On 4/16/21 4:21 PM, Ole Holm Nielsen wrote:
I'm thinking of a reservation something like this:
scontrol create reservation starttime=... duration=12:00:00
ReservationName=migrate_physics nodes=ALL Accounts=-physics
For the record: The idea of creating a Slurm reservation for excluding
specified accounts from running jobs seems to be a viable one. The
question is being tracked in https://bugs.schedmd.com/show_bug.cgi?id=11404
The correct way to make such a reservation is actually to add several flags:
$ scontrol create reservation reservationname=exclude_account
starttime=13:40:00 duration=30:00 flags=ignore_jobs,magnetic,flex
nodes=ALL accounts=-sub1
Caveat: This will result in all Pending jobs getting an incorrect
Reason=(ReqNodeNotAvail, Reserved for maintenance). It seems that jobs
from other accounts are starting correctly, however, so this does achieve
the goal, but probably also causes confusion among users!
SchedMD is looking at a way to enhance a future Slurm version so that the
incorrect Reason doesn't appear
On 16/04/2021 14.23, Ole Holm Nielsen wrote:
I need to migrate several sets of user home directories from an old NFS
file server to a new NFS file server. Each group of users belong to
specific Slurm accounts organized in a hierarchical tree.

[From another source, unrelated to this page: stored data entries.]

(* For $n\ge 2$ and $g\ge1$ let $\mathcal M^{\mathrm o}_g(n)$ be the number of MAB pairs $(u,v)$ of binary words with $|u|=|v|=n$ and $\mathrm{lsb}(u,v)+\mathrm{lsb}(v,u)-n=g$. Then $$\mathcal M^{\mathrm o}_1(n)=2\sum_{i=2}^{n-1}\sum_{l_1=1}^{n-i}\sum_{m=l_1+1}^{i+l_1-1}\frac{1}{(i-1)(n-i)}\binom{n-i}{l_1}\binom{n-i}{l_1-1}\binom{i-1}{m-l_1}\binom{i-1}{m-l_1-1},$$ and $$\mathcal M^{\mathrm o}_2(n)=2\sum_{i=3}^{n-2}\sum_{l_1=2}^{n-i}\sum_{m=l_1+2}^{i+l_1-2}\frac{4}{(i-2)(n-i)}\binom{n-i}{l_1}\binom{n-i}{l_1-2}\binom{i-2}{m-l_1}\binom{i-2}{m-l_1-2}$$ (empty sums are $0$).
   Context: Let $\Sigma=\{a,b\}$. For a word $w$ and a letter $c$, $|w|_c$ denotes the number of occurrences of $c$ in $w$. Two words $x,y$ are abelian equivalent, written $x\sim_{\mathrm{abl}}y$, if $|x|_c=|y|_c$ for all $c\in\Sigma$. For words $u,v$: a pair $(x,y)$ is an internal abelian-border of $(u,v)$ if $x$ is a nonempty proper suffix of $u$, $y$ is a proper prefix of $v$, and $x\sim_{\mathrm{abl}}y$; it is an external abelian-border of $(u,v)$ if $x$ is a nonempty proper prefix of $u$, $y$ is a proper suffix of $v$, and $x\sim_{\mathrm{abl}}y$. The pair $(u,v)$ is mutually abelian-bordered (MAB) if it has both an internal and an external abelian-border, and mutually abelian-unbordered (MAU) if it has neither. If $(u,v)$ has an internal abelian-border, $\mathrm{sb}(u,v)$ denotes its internal abelian-border $(x,y)$ of minimal length and $\mathrm{lsb}(u,v)=|x|$ is that minimal length. Binomial coefficients $\binom{N}{r}$ are $0$ when $r<0$ or $r>N$. *)

theory Defs
  imports Complex_Main "HOL-Library.Sublist"
begin

datatype letter = La | Lb

type_synonym word = "letter list"

definition abel_equiv :: "word \<Rightarrow> word \<Rightarrow> bool" where
  "abel_equiv x y \<longleftrightarrow> (\<forall>c. count_list x c = count_list y c)"

definition int_aborder :: "word \<Rightarrow> word \<Rightarrow> word \<Rightarrow> word \<Rightarrow> bool" where
  "int_aborder u v x y \<longleftrightarrow> x \<noteq> [] \<and> strict_suffix x u \<and> strict_prefix y v \<and> abel_equiv x y"

definition ext_aborder :: "word \<Rightarrow> word \<Rightarrow> word \<Rightarrow> word \<Rightarrow> bool" where
  "ext_aborder u v x y \<longleftrightarrow> x \<noteq> [] \<and> strict_prefix x u \<and> strict_suffix y v \<and> abel_equiv x y"

definition MAB :: "word \<Rightarrow> word \<Rightarrow> bool" where
  "MAB u v \<longleftrightarrow> (\<exists>x y. int_aborder u v x y) \<and> (\<exists>x y. ext_aborder u v x y)"

definition lsb :: "word \<Rightarrow> word \<Rightarrow> nat" where
  "lsb u v = (LEAST k. \<exists>x y. int_aborder u v x y \<and> length x = k)"

definition Mo :: "nat \<Rightarrow> nat \<Rightarrow> nat" where
  "Mo g n = card {(u, v). length u = n \<and> length v = n \<and> MAB u v \<and>
                int (lsb u v) + int (lsb v u) - int n = int g}"

end

theory Submission
  imports Defs
begin

text \<open>Read the letters of \<open>u\<close> backwards and those of \<open>v\<close> forwards, alternately, as the
  steps of a walk: an \<open>a\<close> of \<open>u\<close> goes up and an \<open>a\<close> of \<open>v\<close> goes down. This is a bijection
  from pairs of words of length \<open>n\<close> onto walks of length \<open>2 n\<close>, under which an internal
  abelian border of length \<open>k\<close> becomes a return to level 0 at time \<open>2 k\<close> and an external one
  a visit to the final level \<open>c\<close> at time \<open>2 (n - k)\<close>. So \<open>lsb(u,v)\<close> is the first return to 0,
  \<open>n - lsb(v,u)\<close> the last visit to \<open>c\<close> before the end, and the gap condition puts them \<open>g\<close>
  apart. As the level has the parity of the time, the walk stays positive (up to a global sign
  flip) before the first return and below \<open>c\<close> after the last visit; for \<open>g \<le> 2\<close> this forces
  \<open>c = 2 g\<close> and \<open>2 g\<close> down steps in between. The walk thus splits into a positive walk from 0
  to \<open>2 g\<close>, a straight descent, and a walk from 0 to \<open>2 g\<close> staying below \<open>2 g\<close>, which
  reversed is again positive. Positive walks of length \<open>2 k\<close> from 0 to \<open>2 g\<close> are counted by the
  ballot number \<open>g / k * C(2 k, k + g)\<close> (reflection principle), and Vandermonde's identity
  collapses the inner double sums of the formula to products of the same binomials.\<close>

section \<open>Walks\<close>

definition step :: "bool \<Rightarrow> int" where
  "step b = (if b then 1 else -1)"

I want to make the migration while the cluster is in full production
mode for all the other accounts (the terms "service window" or
"downtime" don't exist for me :-)
My idea is to make a Slurm reservation so that the accounts in question
will have zero jobs running during the reservation, and I also need to
kick users off the login nodes. During the reservation I can rsync the
home directories from the old NFS server to the new NFS server and
update the NFS automounter links.
Question: Does anyone have experiences with this type of scenario? Any
good ideas or suggestions for other methods for data migration?
/Ole